Algorithm validation for data science
Professor Joachim M. Buhmann, Department of Computer Science, ETH Zurich, Switzerland
Wednesday, 21 September 2022, 11am to 12pm
Richard Doll Lecture Theatre, Richard Doll Building, Old Road Campus, Headington, OX3 7LF
Abstract
Data Science (DS) algorithms interpret outcomes of empirical experiments with random influences. Often, such algorithms are cascaded to long processing pipelines especially in biomedical applications. The validation of such pipelines poses an open question since data compression of the input should preserve as much information as possible to distinguish between possible outputs. Starting with a minimum description length argument for model selection we motivate a localization criterion as a lower bound that achieves information theoretical optimality. Uncertainty in the input causes a rate distortion tradeoff in the output when the DS algorithm is adapted by learning. We present design choices for algorithm selection and sketch a theory of validation.
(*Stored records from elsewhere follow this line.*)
lemma exists_degraded_relabelling:
  assumes "partition_on Y P"
  shows "\<exists>(Z :: nat set) Q. finite Z \<and> card Z = card P \<and> is_channel X Z Q \<and> degraded X Y Z Q W
           \<and> mutual_info p X Z Q = mutual_info p X P (merged_channel W)"
proof -
  have finP: "finite P" using finite_elements[OF finite_Y assms] .
  obtain g where g: "bij_betw g {..<card P} P"
    using ex_bij_betw_nat_finite[OF finP] by (auto simp: atLeast0LessThan)
  define Z where "Z = {..<card P}"
  define \<Phi> where "\<Phi> y z = (of_bool (y \<in> g z) :: real)" for y z
  define Q where "Q x z = (\<Sum>y\<in>Y. W x y * \<Phi> y z)" for x z
  have reindex: "(\<Sum>z\<in>Z. h (g z)) = (\<Sum>S\<in>P. h S)" for h :: "'y set \<Rightarrow> real"
    unfolding Z_def by (rule sum.reindex_bij_betw[OF g])
  have block: "g z \<subseteq> Y" if "z \<in> Z" for z
    using g that assms by (auto simp: Z_def bij_betw_def partition_on_def)
  have "is_channel Y Z \<Phi>"
    unfolding is_channel_def
  proof (intro ballI conjI)
    fix y assume "y \<in> Y"
    then obtain S0 where S0: "S0 \<in> P" "y \<in> S0" using assms by (auto simp: partition_on_def)
    have "P \<inter> {S. y \<in> S} = {S0}"
      using S0 disjointD[OF partition_onD2[OF assms]] by blast
    then show "(\<Sum>z\<in>Z. \<Phi> y z) = 1"
      unfolding \<Phi>_def using reindex[of "\<lambda>S. of_bool (y \<in> S)"] finP by simp
  qed (simp add: \<Phi>_def)
  then have chan: "is_channel X Z Q" and deg: "degraded X Y Z Q W"
    using is_channel_compose[OF channel] unfolding degraded_def Q_def by blast+
  have info: "mutual_info p X Z Q = mutual_info p X P (merged_channel W)"
  proof -
    have "Q x z = merged_channel W x (g z)" if "z \<in> Z" for x z
    proof -
      have "Y \<inter> {y. y \<in> g z} = g z" using block[OF that] by auto
      then show ?thesis
        unfolding Q_def \<Phi>_def merged_channel_def sum_mult_of_bool_eq[OF finite_Y] by simp
    qed
    then have "mutual_info p X Z Q = (\<Sum>z\<in>Z. letter_info p X (block_joint p W (g z)))"
      unfolding mutual_info_eq_sum_letter_info[OF input_pos] block_joint_def
      by (intro sum.cong) simp_all
    then show ?thesis
      unfolding mutual_info_merged using reindex[of "\<lambda>S. letter_info p X (block_joint p W S)"] by simp
  qed
  have "finite Z" "card Z = card P" by (simp_all add: Z_def)
  with chan deg info show ?thesis by blast
qed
The concept is demonstrated in neuroscience applications of diffusion tensor imaging for tractography and brain parcellation.
Biography
Joachim M. Buhmann is a Professor for Computer Science at ETH Zurich. He studied physics at TU-Munich and performed postdoctoral research at USC and LLNL in California. Until 2003 he was a Professor for Applied Computer Science at the University of Bonn. His teaching and research includes Machine Learning in theory and applications, e.g. in the life sciences. He is a member of the Swiss Academy of Engineering Sciences (SATW), a Fellow of the IAPR and he serves as a research council member of the Swiss National Science Foundation.